Lois Mailou Jones - Babella, Paris 1938

A Woman Wearing Red

Malika Ali January 13, 2014

I wrote The Curious Habits of a Wanton Wife as a short piece of fiction loosely inspired by rumors.  These were rumors of my grandfather's philandering, but the truth is a little more heartbreaking.

I grew up in a pretty open family.  Any skeletons hung out with us at the breakfast table, never in the closet.  I was awash with childhood stories.  And I thought I heard all there was to hear.  I was wrong.  Here is what I learned.

My grandmother Mary Lillie loved to talk on the telephone.  They had one jack installed for each floor of the house.  This was new.  Before the two jack system, there was only one phone.  My grandmother kept this one phone occupied.

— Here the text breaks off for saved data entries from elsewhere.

(* Let $r\in[0,1]$ and let $a\in A$. If the pure state $\delta_a$ (all mass on type $a$) is Lyapunov stable under the recombinator dynamics with recombination rate $r$, then: (1) $u(a,a)\ge u((a'_d,a_{-d}),a)$ for every dimension $d\in D$ and every trait $a'_d\in A_d$; and (2) $u(a,a)\ge(1-r)\,u(a',a)$ for every type $a'\in A$.
   Context: Setting: $D=\{1,\dots,|D|\}$ finite, $|D|\ge2$; finite trait sets $A_d$; types $A=\prod_dA_d$, $a=(a_d,a_{-d})$ with $a_{-d}\in\prod_{d'\ne d}A_{d'}$. Payoff $u:A\times A\to\mathbb{R}_{>0}$, $u(a,a')$ being the payoff of type $a$ against type $a'$. For a state $x\in\Delta(A)$: $u_x(a)=\sum_{a'}x(a')u(a,a')$, $u_x=\sum_ax(a)u_x(a)$, $x(a_d)=\sum_{a_{-d}}x(a_d,a_{-d})$, and for $x(a_d)>0$, $u_x(a_d)=\frac1{x(a_d)}\sum_{a_{-d}}x(a_d,a_{-d})u_x(a_d,a_{-d})$ (with $x(a_d)u_x(a_d):=\sum_{a_{-d}}x(a_d,a_{-d})u_x(a_d,a_{-d})$). Recombinator dynamics with rate $r$: $\dot x(a)=(1-r)\frac{x(a)u_x(a)}{u_x}+r\prod_{a_d\in a}\frac{x(a_d)u_x(a_d)}{u_x}-x(a)$. A state $x^*$ is Lyapunov stable if for every neighbourhood $U$ of $x^*$ there is a neighbourhood $V\subseteq U$ with $x^0\in V\Rightarrow x^t\in U$ for all $t>0$. *)

theory Defs
  imports "HOL-Analysis.Analysis"
begin

text \<open>Dimensions are the elements of a finite type 'd; traits live in a finite type 't,
  with A d the trait set of dimension d.\<close>

definition types :: "('d \<Rightarrow> 't set) \<Rightarrow> ('d \<Rightarrow> 't) set" where
  "types A = {a. \<forall>d. a d \<in> A d}"

definition state_simplex :: "('d \<Rightarrow> 't set) \<Rightarrow> (('d \<Rightarrow> 't) \<Rightarrow> real) set" where
  "state_simplex A = {x. (\<forall>b. x b \<ge> 0) \<and> (\<forall>b. b \<notin> types A \<longrightarrow> x b = 0)
                   \<and> (\<Sum>b\<in>types A. x b) = 1}"
(* Let $f:\mathbb{R}^n\to\mathbb{R}$ be convex and continuously differentiable, with $|f(x)-f(y)|\le L_0\|x-y\|$ and $\|\nabla f(x)-\nabla f(y)\|\le L_1\|x-y\|$ for all $x,y$, and let $x^*$ be a minimizer of $f$ with $f^*=f(x^* )$. Let $\tilde f(x;\xi)=f(x)[1+\nu(x;\xi)]$, where $\nu$ is i.i.d. (across all evaluations) with $\mathbb{E}[\nu]=0$, variance $\sigma_r^2>0$, $\mathbb{E}[\frac{1}{1+\nu}]\le b$, and support in $[-a,a]$ for some $a<1$. Given $x_k$ with $f(x_k)\neq0$, draw a standard Gaussian $u_k\in\mathbb{R}^n$ independent of the noise, set $\mu_k=\tilde\mu=C_4\sqrt{|\tilde f(x_k;\xi_{k'})|}$ with $C_4=\left[\frac{16\sigma_r^2 n}{L_1^2(1+3\sigma_r^2)(n+6)^3}\right]^{1/4}$, and $$s_{\tilde\mu}=\frac{\tilde f(x_k+\mu_k u_k;\xi_k)-\tilde f(x_k;\xi_{k-1})}{\mu_k}u_k,$$ where the noise in the three evaluations (indexed by $\xi_{k'},\xi_k,\xi_{k-1}$) is independent. Then $$\mathbb{E}[\langle s_{\tilde\mu},x_k-x^*\rangle]\ge f(x_k)-f^*-\frac{C_4^2L_1 n}{2}|f(x_k)|,$$ where the expectation is over $u_k,\xi_k,\xi_{k-1},\xi_{k'}$.
   Context: $\langle\cdot,\cdot\rangle$ is the Euclidean inner product; "standard Gaussian" means mean $0$ and covariance $I_n$. *)

theory Defs
  imports "HOL-Probability.Probability"
begin

definition std_gaussian :: "'a::euclidean_space measure" where
  "std_gaussian = density lborel
     (\<lambda>x. ennreal ((2 * pi) powr (- real DIM('a) / 2) * exp (- (norm x)\<^sup>2 / 2)))"

end

theory Submission
  imports Defs
begin

text \<open>For fixed noise \<open>(\<nu>', \<nu>\<^sub>1, \<nu>\<^sub>0)\<close> the expectation over \<open>u\<close> equals
  \<open>(1 + \<nu>\<^sub>1) E[f(x + \<mu> u) \<langle>u, x - x\<^sup>*\<rangle>] / \<mu>\<close>: the term with \<open>\<nu>\<^sub>0\<close> vanishes because
  \<open>E u = 0\<close>. A one-sided Gaussian integration by parts, obtained from the Cameron--Martin shift
  formula and convexity, bounds \<open>E[f(x + \<mu> u) \<langle>u, x - x\<^sup>*\<rangle>] / \<mu>\<close> below by
  \<open>E f(x + \<mu> u) - E f(x\<^sup>* + \<mu> u)\<close>; the tangent inequality gives \<open>E f(x + \<mu> u) \<ge> f(x)\<close> and
  the descent lemma gives \<open>E f(x\<^sup>* + \<mu> u) \<le> f(x\<^sup>*) + \<mu>\<^sup>2 L\<^sub>1 n / 2\<close>. Since
  \<open>\<mu>\<^sup>2 = C\<^sub>4\<^sup>2 |f(x)| (1 + \<nu>')\<close> and the noises are independent with mean zero, averaging over them
  gives the claim.\<close>

section \<open>The standard Gaussian measure\<close>

definition std_gaussian_density :: "'a::euclidean_space \<Rightarrow> real" where
  "std_gaussian_density x = (2 * pi) powr (- real DIM('a) / 2) * exp (- (norm x)\<^sup>2 / 2)"

lemma borel_measurable_std_gaussian_density[measurable]:
  "std_gaussian_density \<in> borel_measurable borel"
  unfolding std_gaussian_density_def by measurable

lemma std_gaussian_density_nonneg: "0 \<le> std_gaussian_density x"
  unfolding std_gaussian_density_def by simp

lemma std_gaussian_eq_density:
  "std_gaussian = density lborel (\<lambda>x. ennreal (std_gaussian_density x))"
  unfolding std_gaussian_def std_gaussian_density_def by simp

lemma sets_std_gaussian[measurable_cong, simp]: "sets std_gaussian = sets borel"
  by (simp add: std_gaussian_def)

lemma space_std_gaussian[simp]: "space std_gaussian = UNIV"
  by (simp add: std_gaussian_def)

lemma norm_sq_eq_sum_Basis: "(norm (x::'a::euclidean_space))\<^sup>2 = (\<Sum>b\<in>Basis. (x \<bullet> b)\<^sup>2)"
  by (subst power2_norm_eq_inner, subst euclidean_inner, simp add: power2_eq_square)

lemma std_gaussian_density_eq_prod:
  "std_gaussian_density (x::'a::euclidean_space) = (\<Prod>b\<in>Basis. std_normal_density (x \<bullet> b))"
proof -
  have "(2 * pi) powr (- real DIM('a) / 2) = ((2 * pi) powr (-1/2)) ^ DIM('a)"
    by (simp add: powr_realpow[symmetric] powr_powr)
  also have "(2 * pi) powr (-1/2) = 1 / sqrt (2 * pi)"
    by (simp add: powr_minus_divide powr_half_sqrt)
  finally have const: "(2 * pi) powr (- real DIM('a) / 2) = (\<Prod>b\<in>(Basis::'a set). 1 / sqrt (2 * pi))"
    by simp
  have exp_eq: "exp (- (norm x)\<^sup>2 / 2) = (\<Prod>b\<in>(Basis::'a set). exp (- (x \<bullet> b)\<^sup>2 / 2))"
    unfolding norm_sq_eq_sum_Basis by (simp add: exp_sum[symmetric] sum_negf sum_divide_distrib)
  show ?thesis
    unfolding std_gaussian_density_def const exp_eq std_normal_density_def prod.distrib[symmetric] ..
qed

lemma nn_integral_std_gaussian_density_prod:
  assumes [measurable]: "\<And>b. b \<in> Basis \<Longrightarrow> F b \<in> borel_measurable borel"
  shows "(\<integral>\<^sup>+x. ennreal (std_gaussian_density (x::'a::euclidean_space)) * (\<Prod>b\<in>Basis. F b (x \<bullet> b)) \<partial>lborel)
      = (\<Prod>b\<in>Basis. \<integral>\<^sup>+y. ennreal (std_normal_density y) * F b y \<partial>lborel)"
proof -
  have "(\<integral>\<^sup>+x. ennreal (std_gaussian_density (x::'a)) * (\<Prod>b\<in>Basis. F b (x \<bullet> b)) \<partial>lborel)
      = (\<integral>\<^sup>+x. (\<Prod>b\<in>Basis. ennreal (std_normal_density (x \<bullet> b)) * F b (x \<bullet> b)) \<partial>lborel)"
    by (simp add: std_gaussian_density_eq_prod prod.distrib prod_ennreal normal_density_nonneg)
  also have "\<dots> = (\<Prod>b\<in>Basis. \<integral>\<^sup>+y. ennreal (std_normal_density y) * F b y \<partial>lborel)"
    by (rule nn_integral_lborel_prod) auto
  finally show ?thesis .
qed

lemma nn_integral_std_normal_density: "(\<integral>\<^sup>+y. ennreal (std_normal_density y) \<partial>lborel) = 1"
  by (subst nn_integral_eq_integral) (auto simp: normal_density_nonneg)

lemma nn_integral_std_normal_density_mult_sq:
  "(\<integral>\<^sup>+y. ennreal (std_normal_density y * y\<^sup>2) \<partial>lborel) = 1"
proof -
  have "integral\<^sup>L lborel (\<lambda>x. std_normal_density x * x ^ 2) = 1"
    using integral_std_normal_moment_even[of 1] by (simp add: fact_numeral)
  then show ?thesis
    using integrable_std_normal_moment[of 2]
    by (subst nn_integral_eq_integral) (auto simp: normal_density_nonneg)
qed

The year was 1972.  Grandpa Saul had been laid off from work at the steel factory.  He used his down time to get better acquainted with the neighbor.  On the 1st floor phone, he and the lady made plans to meet up.  On the upstairs phone, my grandmother made plans to dial up a relative in Georgia.  She never made that call.

As Saul found his way out the driveway, my grandmother sat still.

Before long, she was searching, fumbling with keys to a locked cabinet.  This was a curious thing.  She avoided this cabinet.  This is where Grandpa Saul kept his gun.  Mary Lillie was afraid of guns.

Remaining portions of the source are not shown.